Raw data:
☆ ☆ ☆ ☆

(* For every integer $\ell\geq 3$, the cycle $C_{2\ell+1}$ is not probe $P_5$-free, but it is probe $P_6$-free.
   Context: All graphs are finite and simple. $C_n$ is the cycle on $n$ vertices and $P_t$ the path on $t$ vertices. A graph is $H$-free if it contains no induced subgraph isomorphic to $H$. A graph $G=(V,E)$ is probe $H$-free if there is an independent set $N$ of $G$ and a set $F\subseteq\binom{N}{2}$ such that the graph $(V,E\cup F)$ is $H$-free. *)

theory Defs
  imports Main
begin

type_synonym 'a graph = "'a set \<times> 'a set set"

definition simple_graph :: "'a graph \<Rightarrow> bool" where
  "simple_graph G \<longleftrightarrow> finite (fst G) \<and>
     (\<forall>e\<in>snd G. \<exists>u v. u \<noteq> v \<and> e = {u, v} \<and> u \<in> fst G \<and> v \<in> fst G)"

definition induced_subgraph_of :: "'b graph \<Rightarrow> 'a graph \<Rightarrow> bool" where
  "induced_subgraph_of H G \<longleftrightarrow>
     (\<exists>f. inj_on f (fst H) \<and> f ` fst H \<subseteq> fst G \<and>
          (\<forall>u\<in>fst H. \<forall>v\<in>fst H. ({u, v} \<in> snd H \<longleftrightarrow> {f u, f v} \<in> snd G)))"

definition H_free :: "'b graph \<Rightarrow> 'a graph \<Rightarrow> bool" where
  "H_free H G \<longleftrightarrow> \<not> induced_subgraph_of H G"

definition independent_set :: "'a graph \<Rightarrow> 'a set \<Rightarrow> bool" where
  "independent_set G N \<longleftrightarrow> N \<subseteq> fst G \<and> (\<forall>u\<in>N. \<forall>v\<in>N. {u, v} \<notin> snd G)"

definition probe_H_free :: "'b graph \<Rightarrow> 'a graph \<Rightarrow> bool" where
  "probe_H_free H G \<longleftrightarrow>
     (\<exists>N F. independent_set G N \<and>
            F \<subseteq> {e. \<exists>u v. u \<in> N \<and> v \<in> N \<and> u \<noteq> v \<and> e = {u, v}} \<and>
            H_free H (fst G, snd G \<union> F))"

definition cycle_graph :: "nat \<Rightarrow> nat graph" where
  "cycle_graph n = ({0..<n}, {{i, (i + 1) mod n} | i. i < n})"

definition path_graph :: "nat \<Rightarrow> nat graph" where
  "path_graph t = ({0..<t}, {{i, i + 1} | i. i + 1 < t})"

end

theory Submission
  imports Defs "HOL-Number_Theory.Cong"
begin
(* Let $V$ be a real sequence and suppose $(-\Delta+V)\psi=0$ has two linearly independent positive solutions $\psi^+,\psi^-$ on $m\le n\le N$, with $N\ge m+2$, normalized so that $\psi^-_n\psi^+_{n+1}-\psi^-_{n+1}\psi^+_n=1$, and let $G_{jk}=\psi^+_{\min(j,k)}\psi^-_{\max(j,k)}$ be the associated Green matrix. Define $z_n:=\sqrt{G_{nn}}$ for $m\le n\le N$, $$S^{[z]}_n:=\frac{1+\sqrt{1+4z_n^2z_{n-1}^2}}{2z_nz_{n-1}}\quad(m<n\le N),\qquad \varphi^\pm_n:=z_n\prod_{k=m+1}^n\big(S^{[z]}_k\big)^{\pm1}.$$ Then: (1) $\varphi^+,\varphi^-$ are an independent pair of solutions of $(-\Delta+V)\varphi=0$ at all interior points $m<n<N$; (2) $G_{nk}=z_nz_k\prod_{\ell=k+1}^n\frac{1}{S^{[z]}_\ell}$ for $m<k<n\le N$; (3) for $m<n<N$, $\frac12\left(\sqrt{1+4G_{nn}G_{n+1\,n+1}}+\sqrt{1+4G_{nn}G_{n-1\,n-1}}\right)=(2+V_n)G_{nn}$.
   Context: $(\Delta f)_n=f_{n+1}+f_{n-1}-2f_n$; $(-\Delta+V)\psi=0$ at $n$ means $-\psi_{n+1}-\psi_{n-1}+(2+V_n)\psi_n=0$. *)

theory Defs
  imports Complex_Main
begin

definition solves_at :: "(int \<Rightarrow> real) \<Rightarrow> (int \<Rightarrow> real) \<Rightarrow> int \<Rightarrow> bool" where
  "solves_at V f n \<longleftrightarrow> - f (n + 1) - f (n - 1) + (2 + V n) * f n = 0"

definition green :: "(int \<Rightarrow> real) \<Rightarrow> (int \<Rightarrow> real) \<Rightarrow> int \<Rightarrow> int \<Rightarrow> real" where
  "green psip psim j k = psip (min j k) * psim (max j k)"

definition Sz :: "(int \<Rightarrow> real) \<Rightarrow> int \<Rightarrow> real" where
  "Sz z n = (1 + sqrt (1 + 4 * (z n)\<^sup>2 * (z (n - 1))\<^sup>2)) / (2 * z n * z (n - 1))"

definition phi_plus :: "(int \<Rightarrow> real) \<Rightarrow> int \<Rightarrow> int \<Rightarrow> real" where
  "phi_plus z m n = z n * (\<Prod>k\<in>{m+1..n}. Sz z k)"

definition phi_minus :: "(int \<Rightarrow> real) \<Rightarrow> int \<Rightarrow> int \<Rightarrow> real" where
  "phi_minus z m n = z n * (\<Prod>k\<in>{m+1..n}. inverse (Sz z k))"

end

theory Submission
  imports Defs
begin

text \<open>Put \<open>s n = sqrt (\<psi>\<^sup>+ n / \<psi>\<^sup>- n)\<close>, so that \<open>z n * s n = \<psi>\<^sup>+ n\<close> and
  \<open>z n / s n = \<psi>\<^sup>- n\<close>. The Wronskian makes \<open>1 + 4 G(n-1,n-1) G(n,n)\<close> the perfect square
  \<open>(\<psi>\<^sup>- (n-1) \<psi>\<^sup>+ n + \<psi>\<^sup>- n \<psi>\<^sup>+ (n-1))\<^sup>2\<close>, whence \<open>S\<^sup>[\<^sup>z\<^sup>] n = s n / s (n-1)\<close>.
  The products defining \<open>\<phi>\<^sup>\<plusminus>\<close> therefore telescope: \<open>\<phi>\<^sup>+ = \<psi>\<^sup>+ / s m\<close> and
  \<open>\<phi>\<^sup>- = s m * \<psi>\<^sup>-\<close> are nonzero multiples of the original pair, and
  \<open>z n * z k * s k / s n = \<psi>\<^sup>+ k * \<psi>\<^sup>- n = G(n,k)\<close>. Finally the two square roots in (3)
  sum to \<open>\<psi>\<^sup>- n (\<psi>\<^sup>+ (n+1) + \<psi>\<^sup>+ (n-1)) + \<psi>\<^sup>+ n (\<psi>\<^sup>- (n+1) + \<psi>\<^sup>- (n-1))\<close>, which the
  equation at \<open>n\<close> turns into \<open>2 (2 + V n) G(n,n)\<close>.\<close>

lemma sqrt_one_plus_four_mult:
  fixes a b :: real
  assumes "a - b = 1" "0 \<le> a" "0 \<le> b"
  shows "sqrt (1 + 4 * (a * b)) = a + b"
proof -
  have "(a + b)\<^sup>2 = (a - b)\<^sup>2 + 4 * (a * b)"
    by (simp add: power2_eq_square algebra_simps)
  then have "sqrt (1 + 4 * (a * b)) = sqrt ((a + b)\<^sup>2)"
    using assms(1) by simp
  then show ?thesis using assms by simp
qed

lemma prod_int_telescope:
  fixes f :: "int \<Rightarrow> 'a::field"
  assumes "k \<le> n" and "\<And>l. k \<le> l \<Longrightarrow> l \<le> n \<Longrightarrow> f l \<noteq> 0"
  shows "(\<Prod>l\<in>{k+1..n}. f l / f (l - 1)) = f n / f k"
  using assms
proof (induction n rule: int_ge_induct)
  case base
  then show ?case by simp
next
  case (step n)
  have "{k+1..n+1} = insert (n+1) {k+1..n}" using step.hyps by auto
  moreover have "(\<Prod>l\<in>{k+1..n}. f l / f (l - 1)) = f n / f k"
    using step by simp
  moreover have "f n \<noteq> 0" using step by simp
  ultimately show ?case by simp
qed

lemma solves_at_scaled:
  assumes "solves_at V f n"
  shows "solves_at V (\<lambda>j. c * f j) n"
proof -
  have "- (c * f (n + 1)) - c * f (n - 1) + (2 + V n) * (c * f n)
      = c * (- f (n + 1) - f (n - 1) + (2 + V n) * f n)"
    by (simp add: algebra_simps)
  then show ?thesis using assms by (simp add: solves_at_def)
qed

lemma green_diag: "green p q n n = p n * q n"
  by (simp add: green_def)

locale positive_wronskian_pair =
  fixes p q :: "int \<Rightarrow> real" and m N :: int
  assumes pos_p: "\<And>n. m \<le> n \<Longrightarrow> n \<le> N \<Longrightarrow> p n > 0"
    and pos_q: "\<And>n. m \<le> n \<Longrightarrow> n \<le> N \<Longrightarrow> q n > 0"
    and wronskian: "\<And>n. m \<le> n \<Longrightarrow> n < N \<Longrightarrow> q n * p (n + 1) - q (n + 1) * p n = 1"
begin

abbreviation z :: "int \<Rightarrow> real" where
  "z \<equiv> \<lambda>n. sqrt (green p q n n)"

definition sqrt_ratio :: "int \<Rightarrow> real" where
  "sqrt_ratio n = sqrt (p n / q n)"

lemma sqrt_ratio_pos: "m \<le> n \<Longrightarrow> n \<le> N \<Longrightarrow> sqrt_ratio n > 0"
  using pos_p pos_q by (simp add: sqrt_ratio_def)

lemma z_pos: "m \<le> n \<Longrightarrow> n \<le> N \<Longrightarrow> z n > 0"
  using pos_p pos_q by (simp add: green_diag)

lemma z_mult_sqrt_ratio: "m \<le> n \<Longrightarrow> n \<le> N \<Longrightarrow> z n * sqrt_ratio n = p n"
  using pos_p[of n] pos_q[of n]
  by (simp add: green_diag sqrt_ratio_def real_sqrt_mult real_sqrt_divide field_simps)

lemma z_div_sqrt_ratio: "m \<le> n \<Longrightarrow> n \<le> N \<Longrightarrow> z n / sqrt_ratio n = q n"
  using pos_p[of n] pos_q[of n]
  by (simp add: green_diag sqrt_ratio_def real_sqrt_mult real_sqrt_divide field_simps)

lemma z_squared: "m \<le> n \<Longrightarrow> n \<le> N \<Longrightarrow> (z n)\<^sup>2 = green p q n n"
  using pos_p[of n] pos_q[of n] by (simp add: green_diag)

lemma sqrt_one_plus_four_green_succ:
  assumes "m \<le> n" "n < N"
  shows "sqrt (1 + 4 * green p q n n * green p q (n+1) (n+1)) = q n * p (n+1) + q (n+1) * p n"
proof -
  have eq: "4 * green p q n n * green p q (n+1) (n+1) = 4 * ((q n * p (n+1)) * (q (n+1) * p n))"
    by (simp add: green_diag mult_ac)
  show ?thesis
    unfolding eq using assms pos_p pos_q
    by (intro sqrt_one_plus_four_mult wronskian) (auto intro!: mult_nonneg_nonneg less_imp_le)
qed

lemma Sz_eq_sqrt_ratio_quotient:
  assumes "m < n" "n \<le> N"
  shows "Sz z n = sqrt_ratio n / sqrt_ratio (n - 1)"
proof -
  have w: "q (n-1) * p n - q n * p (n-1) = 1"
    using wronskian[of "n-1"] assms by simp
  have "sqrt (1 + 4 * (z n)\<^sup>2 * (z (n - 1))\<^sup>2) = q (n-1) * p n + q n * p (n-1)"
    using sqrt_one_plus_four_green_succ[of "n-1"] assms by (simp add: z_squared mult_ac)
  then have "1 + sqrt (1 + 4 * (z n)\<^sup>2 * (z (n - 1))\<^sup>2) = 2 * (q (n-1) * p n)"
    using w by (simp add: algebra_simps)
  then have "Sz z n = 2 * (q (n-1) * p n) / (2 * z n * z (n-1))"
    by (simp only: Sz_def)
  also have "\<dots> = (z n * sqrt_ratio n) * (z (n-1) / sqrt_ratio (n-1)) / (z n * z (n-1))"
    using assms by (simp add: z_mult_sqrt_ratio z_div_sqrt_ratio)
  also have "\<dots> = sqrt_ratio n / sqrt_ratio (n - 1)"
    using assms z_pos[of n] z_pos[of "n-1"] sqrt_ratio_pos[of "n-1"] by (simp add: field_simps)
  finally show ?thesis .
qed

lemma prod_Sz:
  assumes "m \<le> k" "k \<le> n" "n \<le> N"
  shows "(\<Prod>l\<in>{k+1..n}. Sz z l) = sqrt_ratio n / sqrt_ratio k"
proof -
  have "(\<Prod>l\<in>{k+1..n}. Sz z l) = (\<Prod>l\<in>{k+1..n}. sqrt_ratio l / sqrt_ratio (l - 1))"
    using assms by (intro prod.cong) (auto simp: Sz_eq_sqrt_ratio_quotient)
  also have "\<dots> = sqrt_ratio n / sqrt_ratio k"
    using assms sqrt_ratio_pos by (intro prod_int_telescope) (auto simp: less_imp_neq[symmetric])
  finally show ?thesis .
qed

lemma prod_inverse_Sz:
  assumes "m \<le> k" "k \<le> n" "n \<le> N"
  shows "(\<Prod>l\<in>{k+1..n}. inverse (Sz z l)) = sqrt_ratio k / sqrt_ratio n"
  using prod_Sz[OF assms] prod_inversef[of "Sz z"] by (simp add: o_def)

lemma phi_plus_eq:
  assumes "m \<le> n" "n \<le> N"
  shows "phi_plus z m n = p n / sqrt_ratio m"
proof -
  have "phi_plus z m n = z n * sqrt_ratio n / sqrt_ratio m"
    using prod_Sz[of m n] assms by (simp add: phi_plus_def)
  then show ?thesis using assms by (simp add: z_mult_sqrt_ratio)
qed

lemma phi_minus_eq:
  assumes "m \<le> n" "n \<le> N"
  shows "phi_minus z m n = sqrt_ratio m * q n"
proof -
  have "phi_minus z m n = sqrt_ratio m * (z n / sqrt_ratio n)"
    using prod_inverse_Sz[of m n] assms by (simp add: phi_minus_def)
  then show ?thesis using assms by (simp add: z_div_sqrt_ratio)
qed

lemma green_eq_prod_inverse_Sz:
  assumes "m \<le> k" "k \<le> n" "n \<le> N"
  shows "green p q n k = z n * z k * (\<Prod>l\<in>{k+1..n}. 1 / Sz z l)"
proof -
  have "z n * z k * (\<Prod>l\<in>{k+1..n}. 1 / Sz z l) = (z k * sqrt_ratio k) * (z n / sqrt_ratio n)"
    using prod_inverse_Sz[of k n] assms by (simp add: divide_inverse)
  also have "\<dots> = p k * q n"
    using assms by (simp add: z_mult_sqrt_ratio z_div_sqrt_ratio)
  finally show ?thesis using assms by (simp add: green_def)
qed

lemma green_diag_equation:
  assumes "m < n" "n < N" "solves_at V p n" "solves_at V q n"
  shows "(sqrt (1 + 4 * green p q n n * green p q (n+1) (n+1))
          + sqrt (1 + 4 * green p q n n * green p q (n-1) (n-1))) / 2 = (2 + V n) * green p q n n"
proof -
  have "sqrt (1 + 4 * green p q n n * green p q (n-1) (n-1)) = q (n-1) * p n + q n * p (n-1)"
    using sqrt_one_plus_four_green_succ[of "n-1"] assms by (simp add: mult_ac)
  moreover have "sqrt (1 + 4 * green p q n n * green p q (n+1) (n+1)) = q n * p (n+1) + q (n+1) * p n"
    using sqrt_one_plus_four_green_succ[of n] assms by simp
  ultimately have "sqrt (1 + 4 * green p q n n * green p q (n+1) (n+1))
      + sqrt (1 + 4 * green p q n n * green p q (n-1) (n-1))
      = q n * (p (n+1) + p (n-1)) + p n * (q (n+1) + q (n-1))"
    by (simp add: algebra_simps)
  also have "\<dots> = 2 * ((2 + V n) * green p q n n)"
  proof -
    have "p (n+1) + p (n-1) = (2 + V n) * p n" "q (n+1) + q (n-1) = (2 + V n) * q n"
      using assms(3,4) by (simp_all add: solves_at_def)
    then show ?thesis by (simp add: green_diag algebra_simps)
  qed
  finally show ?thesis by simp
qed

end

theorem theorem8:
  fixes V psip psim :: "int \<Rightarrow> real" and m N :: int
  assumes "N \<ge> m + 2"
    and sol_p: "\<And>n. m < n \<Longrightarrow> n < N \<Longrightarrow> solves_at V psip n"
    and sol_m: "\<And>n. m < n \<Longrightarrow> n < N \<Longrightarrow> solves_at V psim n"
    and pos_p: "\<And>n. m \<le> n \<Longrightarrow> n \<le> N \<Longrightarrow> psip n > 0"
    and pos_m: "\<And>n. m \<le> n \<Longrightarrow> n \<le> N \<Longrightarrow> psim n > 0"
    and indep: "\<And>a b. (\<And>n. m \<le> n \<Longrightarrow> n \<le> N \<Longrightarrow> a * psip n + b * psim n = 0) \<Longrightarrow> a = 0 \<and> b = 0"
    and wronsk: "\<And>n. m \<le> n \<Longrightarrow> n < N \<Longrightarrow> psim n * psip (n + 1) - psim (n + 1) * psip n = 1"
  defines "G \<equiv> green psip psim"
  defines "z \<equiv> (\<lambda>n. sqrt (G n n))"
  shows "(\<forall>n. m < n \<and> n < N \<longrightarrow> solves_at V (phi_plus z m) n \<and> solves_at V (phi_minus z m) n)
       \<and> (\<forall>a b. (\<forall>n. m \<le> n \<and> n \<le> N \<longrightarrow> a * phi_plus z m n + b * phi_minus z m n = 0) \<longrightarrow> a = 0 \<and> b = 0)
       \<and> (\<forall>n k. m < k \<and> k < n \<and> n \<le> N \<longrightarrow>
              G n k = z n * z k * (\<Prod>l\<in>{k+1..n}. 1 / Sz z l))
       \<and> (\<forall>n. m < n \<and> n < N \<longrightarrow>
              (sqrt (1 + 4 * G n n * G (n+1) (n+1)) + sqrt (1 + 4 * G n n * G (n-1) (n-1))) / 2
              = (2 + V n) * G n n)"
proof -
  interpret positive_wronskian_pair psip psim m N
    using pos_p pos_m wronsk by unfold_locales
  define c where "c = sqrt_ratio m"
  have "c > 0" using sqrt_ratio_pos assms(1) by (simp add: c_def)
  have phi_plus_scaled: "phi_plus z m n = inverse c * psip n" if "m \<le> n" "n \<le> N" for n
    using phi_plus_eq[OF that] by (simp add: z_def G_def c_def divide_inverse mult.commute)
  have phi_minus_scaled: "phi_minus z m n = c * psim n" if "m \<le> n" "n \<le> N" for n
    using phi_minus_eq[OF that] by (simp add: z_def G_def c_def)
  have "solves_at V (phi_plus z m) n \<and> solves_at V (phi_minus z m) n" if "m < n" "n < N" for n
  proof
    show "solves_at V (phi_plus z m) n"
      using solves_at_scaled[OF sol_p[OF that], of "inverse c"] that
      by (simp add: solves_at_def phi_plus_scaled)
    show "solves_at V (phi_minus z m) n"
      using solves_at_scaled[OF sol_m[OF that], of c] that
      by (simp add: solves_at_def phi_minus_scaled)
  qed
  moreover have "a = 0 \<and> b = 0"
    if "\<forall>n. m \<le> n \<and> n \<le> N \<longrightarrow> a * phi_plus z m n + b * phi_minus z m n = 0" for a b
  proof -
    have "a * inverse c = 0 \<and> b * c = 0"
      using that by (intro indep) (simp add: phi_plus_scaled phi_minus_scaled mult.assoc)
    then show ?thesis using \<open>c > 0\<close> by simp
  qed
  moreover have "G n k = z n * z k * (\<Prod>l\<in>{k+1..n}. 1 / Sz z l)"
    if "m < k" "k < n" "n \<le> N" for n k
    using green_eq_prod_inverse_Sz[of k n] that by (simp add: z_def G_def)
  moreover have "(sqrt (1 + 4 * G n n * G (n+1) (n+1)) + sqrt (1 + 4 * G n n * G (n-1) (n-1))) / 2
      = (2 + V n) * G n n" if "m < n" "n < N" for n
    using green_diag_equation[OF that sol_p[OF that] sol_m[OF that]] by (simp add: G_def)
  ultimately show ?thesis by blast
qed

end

☆ ☆ ☆ ☆

Work instruction: What lines of the data contain the string "case"? List them.

Worked solution:
  case base
  then show ?case by simp
  case (step n)
  ultimately show ?case by simp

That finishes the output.